(* Let $\alpha<\beta\le\alpha+2\pi$, $\gamma:=\pi/(\beta-\alpha)$, $a\in(0,1)$, $r>0$, and $z\in\angle(\alpha,\beta)$. If $a|z|\ge r$, then $$\omega\bigl(z,\overline D(r);\angle(\alpha,\beta)\bigr)\le\frac{2r^{\gamma}}{\pi(1-a^{\gamma})^2}\Bigl(-\operatorname{Im}\frac1{(ze^{-i\alpha})^{\gamma}}\Bigr),$$ and if $ar\ge|z|$, then $$\omega\bigl(z,\mathbb{C}\setminus D(r);\angle(\alpha,\beta)\bigr)\le\frac{2r^{-\gamma}}{\pi(1-a^{\gamma})^2}\operatorname{Im}\,(ze^{-i\alpha})^{\gamma}.$$
   Context: $\angle(\alpha,\beta)=\{z\ne0:\ \text{some value of }\arg z\in(\alpha,\beta)\}$ is an open angle; $(ze^{-i\alpha})^{\gamma}$ is the branch on the angle that maps it conformally onto the upper half-plane and is positive on $(0,\infty)$. For $z$ in the angle with image $w$ and Borel $B$, $\omega(z,B;\angle(\alpha,\beta)):=\frac1\pi\int_{B'}\frac{\operatorname{Im}w}{(t-\operatorname{Re}w)^2+(\operatorname{Im}w)^2}dt$, where $B'\subset\mathbb{R}$ is the image of $B\cap\partial\angle(\alpha,\beta)$ under the boundary extension of this map (the harmonic measure of $B\cap\partial\angle(\alpha,\beta)$ for the angle). $D(r)$, $\overline D(r)$: open/closed discs of radius $r$ about $0$. *)

theory Defs
  imports "HOL-Analysis.Analysis"
begin

definition angle :: "real \<Rightarrow> real \<Rightarrow> complex set" where
  "angle \<alpha> \<beta> = {z. z \<noteq> 0 \<and> (\<exists>\<theta>. \<alpha> < \<theta> \<and> \<theta> < \<beta> \<and> z = of_real (cmod z) * cis \<theta>)}"

text \<open>The (unique, since beta - alpha <= 2 pi) argument value of z in (alpha, beta).\<close>
definition angle_arg :: "real \<Rightarrow> real \<Rightarrow> complex \<Rightarrow> real" where
  "angle_arg \<alpha> \<beta> z = (THE \<theta>. \<alpha> < \<theta> \<and> \<theta> < \<beta> \<and> z = of_real (cmod z) * cis \<theta>)"

definition angle_exp :: "real \<Rightarrow> real \<Rightarrow> real" where
  "angle_exp \<alpha> \<beta> = pi / (\<beta> - \<alpha>)"

text \<open>The branch of (z e^{-i alpha})^gamma on the angle mapping it onto the upper
  half-plane, positive where z e^{-i alpha} is positive.\<close>
definition angle_map :: "real \<Rightarrow> real \<Rightarrow> complex \<Rightarrow> complex" where
  "angle_map \<alpha> \<beta> z =
     of_real (cmod z powr angle_exp \<alpha> \<beta>) * cis (angle_exp \<alpha> \<beta> * (angle_arg \<alpha> \<beta> z - \<alpha>))"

──────────

[INSTRUCTIONS TO FOLLOW] Where does the word "Rightarrow" appear in the listing? List each line that holds it.

[OUTPUT FOR THIS EXERCISE]
definition angle :: "real \<Rightarrow> real \<Rightarrow> complex set" where
definition angle_arg :: "real \<Rightarrow> real \<Rightarrow> complex \<Rightarrow> real" where
definition angle_exp :: "real \<Rightarrow> real \<Rightarrow> real" where
definition angle_map :: "real \<Rightarrow> real \<Rightarrow> complex \<Rightarrow> complex" where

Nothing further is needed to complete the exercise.